Studio album by Fredericks Goldman Jones
- Released: 29 November 1993
- Recorded: February – October 1993
- Studio: Studio Guillaume Tell, Paris; Studio ICP, Brussels; Studio la Blaque, Aix-en-Provence;
- Genre: Pop, rock
- Label: Columbia
- Producer: Erick Benzi

Fredericks Goldman Jones chronology
| Sur scène (1992) | Rouge (1993) | Du New Morning au Zénith (1995) |

Singles from Rouge
- "Rouge" Released: 1993; "Juste après" Released: 1994; "Fermer les yeux" Released: 1995;

= Rouge (Fredericks Goldman Jones album) =

Rouge is a 1993 album recorded by the trio Fredericks Goldman Jones. It was their second studio album and was recorded at the studios Guillaume Tell, ICP and la Blaque, located in France and Belgium. The album was released on 29 November 1993 and was not as successful as the singers' first studio album, but still spawned three singles which achieved some success in France : "Rouge" (#14), "Juste après" (#32) and "Fermer les yeux" (#33).

==Album information==
The collector edition of Rouge has a box in aluminium, whose front cover is entirely carved, and some elements of which are painted red. The Alexandrov Ensemble participated in this recording, on the song "Rouge".
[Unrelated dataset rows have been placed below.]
lemma torsion_homology_iso:
  assumes K: "simplicial_complex K" and L: "simplicial_complex L"
    and \<phi>: "\<phi> \<in> iso (chain_group K k) (chain_group L k)"
    and \<phi>_boundaries: "\<phi> ` boundaries K k = boundaries L k"
  shows "torsion_subgroup (homology K k) \<cong> torsion_subgroup (homology L k)"
proof -
  have "chain_group K k Mod boundaries K k \<cong> chain_group L k Mod boundaries L k"
    using \<phi> \<phi>_boundaries by (intro iso_FactGroup) (simp_all add: group_chain_group normal_boundaries)
  then obtain \<psi> where "\<psi> \<in> iso (chain_group K k Mod boundaries K k) (chain_group L k Mod boundaries L k)"
    by (auto simp: is_iso_def)
  then have "\<psi> \<in> iso (torsion_subgroup (chain_group K k Mod boundaries K k))
                     (torsion_subgroup (chain_group L k Mod boundaries L k))"
    by (simp add: iso_torsion_subgroup normal.factorgroup_is_group normal_boundaries)
  then show ?thesis
    by (auto simp: is_iso_def torsion_subgroup_homology[OF K] torsion_subgroup_homology[OF L])
qed

definition inversion_sign :: "('a::linorder \<Rightarrow> 'b::linorder) \<Rightarrow> 'a set \<Rightarrow> int" where
  "inversion_sign c s = (\<Prod>u\<in>s. \<Prod>v\<in>s. if u < v \<and> c v < c u then -1 else 1)"

lemma inversion_sign_square: "inversion_sign c s * inversion_sign c s = 1"
proof -
  have "\<bar>inversion_sign c s\<bar> = 1"
    by (simp add: inversion_sign_def abs_prod prod.neutral)
  then show ?thesis by (metis abs_mult_self_eq mult_1_left)
qed

lemma inversion_sign_insert:
  assumes "finite t" and "w \<notin> t"
  shows "inversion_sign c (insert w t) = inversion_sign c t
           * (\<Prod>v\<in>t. if w < v \<and> c v < c w then -1 else 1)
           * (\<Prod>u\<in>t. if u < w \<and> c w < c u then -1 else 1)"
proof -
  let ?g = "\<lambda>u v. if u < v \<and> c v < c u then -1 else 1::int"
  have "inversion_sign c (insert w t)
      = (\<Prod>v\<in>insert w t. ?g w v) * (\<Prod>u\<in>t. \<Prod>v\<in>insert w t. ?g u v)"
    unfolding inversion_sign_def using assms by simp
  also have "\<dots> = (\<Prod>v\<in>t. ?g w v) * ((\<Prod>u\<in>t. ?g u w) * inversion_sign c t)"
    using assms by (simp add: prod.distrib inversion_sign_def)
  finally show ?thesis by (simp add: algebra_simps)
qed

lemma power_card_filter:
  assumes "finite A"
  shows "(-1::int) ^ card {u\<in>A. P u} = (\<Prod>u\<in>A. if P u then -1 else 1)"
  using prod.inter_filter[OF assms, of "\<lambda>_. (-1::int)" P] by simp

lemma incidence_image:
  fixes c :: "'a::linorder \<Rightarrow> 'b::linorder"
  assumes t: "finite t" and w: "w \<notin> t" and inj: "inj_on c (insert w t)"
  shows "incidence (c ` insert w t) (c ` t) * inversion_sign c (insert w t)
       = inversion_sign c t * incidence (insert w t) t"
proof -
  let ?s = "insert w t"
  have cw: "c w \<notin> c ` t" using inj w by (auto simp: inj_on_def)
  have "c ` ?s - c ` t = {c w}" and "{U\<in>c ` ?s. U < c w} = c ` {u\<in>t. c u < c w}"
    using cw by auto
  moreover have "card (c ` {u\<in>t. c u < c w}) = card {u\<in>t. c u < c w}"
    by (rule card_image) (rule inj_on_subset[OF inj], auto)
  ultimately have image_sign: "incidence (c ` ?s) (c ` t) = (\<Prod>u\<in>t. if c u < c w then -1 else 1)"
    unfolding incidence_def using t by (simp add: power_card_filter)
  have "?s - t = {w}" and "{u\<in>?s. u < w} = {u\<in>t. u < w}" using w by auto
  then have sign: "incidence ?s t = (\<Prod>u\<in>t. if u < w then -1 else 1)"
    unfolding incidence_def using t by (simp add: power_card_filter)
  have factor: "(if c u < c w then -1 else 1) * ((if w < u \<and> c u < c w then -1 else 1)
         * (if u < w \<and> c w < c u then -1 else 1)) = (if u < w then -1 else (1::int))"
    if u: "u \<in> t" for u
  proof -
    have "u \<noteq> w" and "c u \<noteq> c w" using u w cw by (auto simp: image_iff)
    then show ?thesis by (cases "u < w"; cases "c u < c w") (auto simp: not_less_iff_gr_or_eq)
  qed
  have "incidence (c ` ?s) (c ` t) * inversion_sign c ?s
    = inversion_sign c t * ((\<Prod>u\<in>t. if c u < c w then -1 else 1)
        * ((\<Prod>v\<in>t. if w < v \<and> c v < c w then -1 else 1)
        * (\<Prod>u\<in>t. if u < w \<and> c w < c u then -1 else 1)))"
    unfolding image_sign inversion_sign_insert[OF t w] by (simp add: algebra_simps)
  also have "\<dots> = inversion_sign c t * (\<Prod>u\<in>t. if u < w then -1 else 1)"
    unfolding prod.distrib[symmetric] using factor by (simp cong: prod.cong)
  finally show ?thesis unfolding sign .
qed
The album debuted at number one on 5 December 1993 and stayed there for seven consecutive weeks. It was ranked for 17 weeks in the top ten and for 42 weeks in the top 50. In 1995, it earned a Diamond disc for over 1,000,000 copies sold.

The album was briefly ranked at #41 in Switzerland.

==Track listing==
All tracks written and composed by Jean-Jacques Goldman.

1. "Serre-moi" — 2:18
2. "On n'a pas changé" — 5:55
3. "Que disent les chansons du monde ?" — 4:54
4. "Il part" — 5:00
5. "Juste après" — 4:39
6. "Rouge" — 6:12
7. "Des vôtres" — 5:44
8. "Frères" — 5:12
9. "Des vies" — 4:19
10. "Ne lui dis pas" — 4:47
11. "Elle avait 17 ans" — 5:07
12. "Fermer les yeux" — 6:41

==Personnel==
- Tom Lord Aldge – mixing
- Erick Benzi – arranger, keyboards, producer
- Alex Firla, Boris Beziat – assistant engineers
- Carole Fredericks – vocal
- Claude Gassian – photo
- Jean-Luc Seigneur – engraving
- Jean-Jacques Goldman – guitar, vocal, art direction, musical direction, lyrics
- Michael Jones – guitar, vocal, guitar arrangements
- Pino Palladino, Guy Delacroix – bass
- Andy Scott – producer, engineer
- Patrice Tison – guitar
- Chris Whitten – drums

==Certifications==

| Region | Certification | Certified units/sales |
| France (SNEP) | 3× Platinum | 900,000^{*} |
| Switzerland (IFPI Switzerland) | Gold | 25,000^{^} |
^{*} Sales figures based on certification alone. ^{^} Shipments figures based on certification alone.